Advanced Materials Research Vols. 189-193

Abstract: AZ31 magnesium alloy profiles were prepared by continuous rheo-extrusion process, and effects of solution and aging treatments on the microstructures and mechanical properties was investigated by OLYMPUS optical microscope, scanning electron microscope, energy dispersive spectroscopy device and tensile machine. The results reveal that saturated solid solution was formed in the profile at a solution temperature of 415 °C and 16 hours. During aging treatment of saturated solid solution, β-Mg₁₇Al₁₂ phase nucleates firstly at grain boundaries and takes on globular growth, which is mainly due to the lower interfacial energy in coherent or semi-coherent interface between β-Mg₁₇Al₁₂ phase and matrix phase. Lower interfacial energy is favorable to the nucleation and growth of β-Mg₁₇Al₁₂ phase at grain boundary.
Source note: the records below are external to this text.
lemma qpochinf_quotient_theta:
  assumes q: "norm q < 1"
  shows "qpochinf (q\<^sup>2) (q\<^sup>2) / qpochinf (-1) (q\<^sup>2) * (qpochinf (-q) (q\<^sup>2) / qpochinf q (q\<^sup>2))
           = (1 + 2 * theta_pos q) / 2"
proof -
  define p where "p = q\<^sup>2"
  have p: "norm p < 1" unfolding p_def using q by (rule norm_power2_less_one)
  have "qpochinf (-q) q = qpochinf (-q) p * qpochinf (-p) p"
    using qpochinf_even_odd[OF q, of "-q"] by (simp add: p_def power2_eq_square)
  with qpochinf_neg_times_odd[OF q]
  have euler: "qpochinf (-p) p * qpochinf q p * qpochinf (-q) p = 1"
    by (simp add: p_def mult_ac)
  hence "qpochinf (-p) p * qpochinf q p = 1 / qpochinf (-q) p"
    by (auto simp: eq_divide_eq)
  moreover have "qpochinf p p / qpochinf (-1) p * (qpochinf (-q) p / qpochinf q p)
      = qpochinf p p * qpochinf (-q) p / (2 * (qpochinf (-p) p * qpochinf q p))"
    by (simp add: qpochinf_neg_one[OF p] field_simps)
  ultimately show ?thesis
    using jacobi_triple_product_special[OF q] by (simp add: p_def power2_eq_square)
qed

section \<open>The summands at \<open>z = \<i>\<close>\<close>

definition Sbar_summand :: "complex \<Rightarrow> complex \<Rightarrow> nat \<Rightarrow> complex" where
  "Sbar_summand z q m = q ^ m * qpochinf (- (q ^ (m + 1))) q * qpochinf (q ^ (m + 1)) q
      / (qpochinf (z * q ^ m) q * qpochinf (inverse z * q ^ m) q)"

lemma Sbar_eq: "Sbar z q = (\<Sum>n. Sbar_summand z q (Suc n))"
  and Sbar1_eq: "Sbar1 z q = (\<Sum>n. Sbar_summand z q (2 * n + 1))"
  and Sbar2_eq: "Sbar2 z q = (\<Sum>n. Sbar_summand z q (2 * Suc n))"
  by (simp_all add: Sbar_def Sbar1_def Sbar2_def Sbar_summand_def)

lemma Sbar_summand_i:
  fixes q :: complex
  assumes q: "norm q < 1"
  defines "p \<equiv> q\<^sup>2"
  shows "Sbar_summand \<i> q m = qpochinf p p / qpochinf (-1) p * (qpoch (-1) p m / qpoch p p m * q ^ m)"
proof -
  have p: "norm p < 1" unfolding p_def using q by (rule norm_power2_less_one)
  have num: "qpochinf (- (q ^ (m + 1))) q * qpochinf (q ^ (m + 1)) q = qpochinf p p / qpoch p p m"
    using qpochinf_times_neg[OF q, of "- (q ^ (m + 1))"] qpochinf_shift[OF p, of p m] qpoch_self_nonzero[OF p]
    by (simp add: p_def field_simps power_mult_distrib flip: power_mult)
  have den: "qpochinf (\<i> * q ^ m) q * qpochinf (inverse \<i> * q ^ m) q = qpochinf (-1) p / qpoch (-1) p m"
    using qpochinf_times_neg[OF q, of "\<i> * q ^ m"] qpochinf_shift[OF p, of "-1" m] qpoch_neg_one_nonzero[OF p]
    by (simp add: p_def field_simps power_mult_distrib flip: power_mult)
  have "Sbar_summand \<i> q m = q ^ m * (qpochinf (- (q ^ (m + 1))) q * qpochinf (q ^ (m + 1)) q)
      / (qpochinf (\<i> * q ^ m) q * qpochinf (inverse \<i> * q ^ m) q)"
    unfolding Sbar_summand_def by (simp only: mult.assoc)
  also have "\<dots> = q ^ m * (qpochinf p p / qpoch p p m) / (qpochinf (-1) p / qpoch (-1) p m)"
    unfolding num den ..
  also have "\<dots> = qpochinf p p / qpochinf (-1) p * (qpoch (-1) p m / qpoch p p m * q ^ m)"
    using qpoch_neg_one_nonzero[OF p] qpoch_self_nonzero[OF p] qpochinf_neg_one_nonzero[OF p]
    by (simp add: field_simps)
  finally show ?thesis .
qed

lemma Sbar_summand_i_sums:
  fixes q :: complex
  assumes q: "norm q < 1"
  shows "Sbar_summand \<i> q 0 = (1 + 2 * theta_pos (-(q\<^sup>2))) / 2"
    and "Sbar_summand \<i> q sums ((1 + 2 * theta_pos q) / 2)"
    and "(\<lambda>m. (-1) ^ m * Sbar_summand \<i> q m) sums ((1 + 2 * theta_pos (-q)) / 2)"
proof -
  define p where "p = q\<^sup>2"
  have p: "norm p < 1" unfolding p_def using q by (rule norm_power2_less_one)
  define C where "C = qpochinf p p / qpochinf (-1) p"
  have summand: "Sbar_summand \<i> q = (\<lambda>m. C * (qpoch (-1) p m / qpoch p p m * q ^ m))"
    unfolding C_def p_def by (rule ext) (rule Sbar_summand_i[OF q])
  show "Sbar_summand \<i> q 0 = (1 + 2 * theta_pos (-(q\<^sup>2))) / 2"
    using qpochinf_self_div_neg_one[OF p] by (simp add: summand C_def p_def)
  have "(\<lambda>m. qpoch (-1) p m / qpoch p p m * z ^ m) sums (qpochinf (-z) p / qpochinf z p)"
    if "norm z < 1" for z
    using qbinomial_theorem[OF p that, where a="-1"] that by simp
  from sums_mult[OF this, of _ C]
  have sums: "(\<lambda>m. C * (qpoch (-1) p m / qpoch p p m * z ^ m)) sums (C * (qpochinf (-z) p / qpochinf z p))"
    if "norm z < 1" for z
    using that by blast
  have "C * (qpochinf (-q) p / qpochinf q p) = (1 + 2 * theta_pos q) / 2"
    unfolding C_def p_def by (rule qpochinf_quotient_theta[OF q])
  thus "Sbar_summand \<i> q sums ((1 + 2 * theta_pos q) / 2)"
    using sums[OF q] unfolding summand by argo
  have "norm (-q) < 1" using q by simp
  have "C * (qpochinf (-(-q)) p / qpochinf (-q) p) = (1 + 2 * theta_pos (-q)) / 2"
    unfolding C_def p_def using qpochinf_quotient_theta[OF \<open>norm (-q) < 1\<close>] by simp
  moreover have "(\<lambda>m. (-1) ^ m * Sbar_summand \<i> q m) = (\<lambda>m. C * (qpoch (-1) p m / qpoch p p m * (-q) ^ m))"
    by (simp add: summand fun_eq_iff power_minus[of q] mult_ac)
  ultimately show "(\<lambda>m. (-1) ^ m * Sbar_summand \<i> q m) sums ((1 + 2 * theta_pos (-q)) / 2)"
    using sums[OF \<open>norm (-q) < 1\<close>] by argo
qed


lemma sums_even_odd_parts:
  fixes f :: "nat \<Rightarrow> 'a::real_normed_field"
  assumes s: "f sums s" and s': "(\<lambda>m. (-1) ^ m * f m) sums s'"
  shows "(\<lambda>n. f (2 * n)) sums ((s + s') / 2)" and "(\<lambda>n. f (2 * n + 1)) sums ((s - s') / 2)"
proof -
  define g where "g m = (f m + (-1) ^ m * f m) / 2" for m
  define h where "h m = (f m - (-1) ^ m * f m) / 2" for m
  have "(\<lambda>n. g (2 * n)) sums ((s + s') / 2)"
  proof (subst sums_mono_reindex)
    show "strict_mono (\<lambda>n::nat. 2 * n)" by (simp add: strict_mono_def)
    show "g m = 0" if "m \<notin> range (\<lambda>n::nat. 2 * n)" for m
    proof -
      have "odd m" using that by (metis evenE rangeI)
      thus ?thesis by (simp add: g_def)
    qed
    show "g sums ((s + s') / 2)" unfolding g_def by (intro sums_divide sums_add s s')
  qed
  thus "(\<lambda>n. f (2 * n)) sums ((s + s') / 2)" by (simp add: g_def)
  have "(\<lambda>n. h (2 * n + 1)) sums ((s - s') / 2)"
  proof (subst sums_mono_reindex)
    show "strict_mono (\<lambda>n::nat. 2 * n + 1)" by (simp add: strict_mono_def)
    show "h m = 0" if "m \<notin> range (\<lambda>n::nat. 2 * n + 1)" for m
    proof -
      have "even m" using that by (metis oddE rangeI)
      thus ?thesis by (simp add: h_def)
    qed
    show "h sums ((s - s') / 2)" unfolding h_def by (intro sums_divide sums_diff s s')
  qed
  thus "(\<lambda>n. f (2 * n + 1)) sums ((s - s') / 2)" by (simp add: h_def)
qed

lemma power_minus_square: "(- x) ^ (k * k) = (-1) ^ k * (x::'a::comm_ring_1) ^ (k * k)"
  by (simp add: power_minus[of x] minus_one_power_iff)

lemma theta_pos_parts:
  fixes q :: complex
  assumes q: "norm q < 1"
  shows "(\<lambda>n. q ^ (2 * Suc n - 1)\<^sup>2) sums ((theta_pos q - theta_pos (-q)) / 2)"
    and "(\<lambda>n. q ^ (2 * Suc n)\<^sup>2) sums ((theta_pos q + theta_pos (-q)) / 2)"
    and "(\<lambda>n. (-1) ^ Suc n * q ^ (2 * (Suc n)\<^sup>2)) sums theta_pos (-(q\<^sup>2))"
proof -
  have neg: "norm (-q) < 1" using q by simp
  have "(\<lambda>m. - ((-q) ^ (Suc m)\<^sup>2)) sums (- theta_pos (-q))"
    by (rule sums_minus[OF theta_pos_sums[OF neg]])
  moreover have "- ((-q) ^ (Suc m)\<^sup>2) = (-1) ^ m * q ^ (Suc m)\<^sup>2" for m
    unfolding power2_eq_square power_minus_square by simp
  ultimately have "(\<lambda>m. (-1) ^ m * q ^ (Suc m)\<^sup>2) sums (- theta_pos (-q))" by simp
  note parts = sums_even_odd_parts[OF theta_pos_sums[OF q] this]
  show "(\<lambda>n. q ^ (2 * Suc n - 1)\<^sup>2) sums ((theta_pos q - theta_pos (-q)) / 2)"
    using parts(1) by simp
  show "(\<lambda>n. q ^ (2 * Suc n)\<^sup>2) sums ((theta_pos q + theta_pos (-q)) / 2)"
    using parts(2) by simp
  have "(-(q\<^sup>2)) ^ (Suc n)\<^sup>2 = (-1) ^ Suc n * q ^ (2 * (Suc n)\<^sup>2)" for n
    using power_minus_square[of "q\<^sup>2" "Suc n"] by (simp only: power2_eq_square[of "Suc n"] power_mult)
  with theta_pos_sums[of "-(q\<^sup>2)"] norm_power2_less_one[OF q]
  show "(\<lambda>n. (-1) ^ Suc n * q ^ (2 * (Suc n)\<^sup>2)) sums theta_pos (-(q\<^sup>2))"
    by simp
qed

lemma Sbar_i_theta:
  fixes q :: complex
  assumes q: "norm q < 1"
  shows "Sbar \<i> q = theta_pos q - theta_pos (-(q\<^sup>2))"
    and "Sbar1 \<i> q = (theta_pos q - theta_pos (-q)) / 2"
    and "Sbar2 \<i> q = (theta_pos q + theta_pos (-q)) / 2 - theta_pos (-(q\<^sup>2))"
proof -
  note summand = Sbar_summand_i_sums[OF q]
  note parts = sums_even_odd_parts[OF summand(2,3)]
  have "(\<lambda>n. Sbar_summand \<i> q (Suc n)) sums ((1 + 2 * theta_pos q) / 2 - Sbar_summand \<i> q 0)"
    using summand(2) by (simp add: sums_Suc_iff)
  hence "Sbar \<i> q = (1 + 2 * theta_pos q) / 2 - (1 + 2 * theta_pos (-(q\<^sup>2))) / 2"
    unfolding Sbar_eq summand(1) by (rule sums_unique[symmetric])
  also have "\<dots> = theta_pos q - theta_pos (-(q\<^sup>2))"
    by (simp add: field_simps)
  finally show "Sbar \<i> q = theta_pos q - theta_pos (-(q\<^sup>2))" .
  have "Sbar1 \<i> q = ((1 + 2 * theta_pos q) / 2 - (1 + 2 * theta_pos (-q)) / 2) / 2"
    unfolding Sbar1_eq using parts(2) by (rule sums_unique[symmetric])
  also have "\<dots> = (theta_pos q - theta_pos (-q)) / 2"
    by (simp add: field_simps)
  finally show "Sbar1 \<i> q = (theta_pos q - theta_pos (-q)) / 2" .
  have "(\<lambda>n. Sbar_summand \<i> q (2 * Suc n))
      sums (((1 + 2 * theta_pos q) / 2 + (1 + 2 * theta_pos (-q)) / 2) / 2 - Sbar_summand \<i> q 0)"
    using parts(1) sums_Suc_iff[of "\<lambda>n. Sbar_summand \<i> q (2 * n)"] by simp
  hence "Sbar2 \<i> q = ((1 + 2 * theta_pos q) / 2 + (1 + 2 * theta_pos (-q)) / 2) / 2
                      - (1 + 2 * theta_pos (-(q\<^sup>2))) / 2"
    unfolding Sbar2_eq summand(1) by (rule sums_unique[symmetric])
  also have "\<dots> = (theta_pos q + theta_pos (-q)) / 2 - theta_pos (-(q\<^sup>2))"
    by (simp add: field_simps)
  finally show "Sbar2 \<i> q = (theta_pos q + theta_pos (-q)) / 2 - theta_pos (-(q\<^sup>2))" .
qed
With the increase of aging time or the rise of aging temperature, β-Mg₁₇Al₁₂ phase precipitates out gradually from grain interior and starts to grow in globular shape. After β-Mg₁₇Al₁₂ phase grows to a certain extent, it grows in lamellar shape along the orientation of lower mismatch between β-Mg₁₇Al₁₂ phase and matrix phase. After solution at 415°C and 16h and aging at 180°C and 8h, the ultimate tensile strength and elongation to failure of the profile are 305MPa and 13%, respectively.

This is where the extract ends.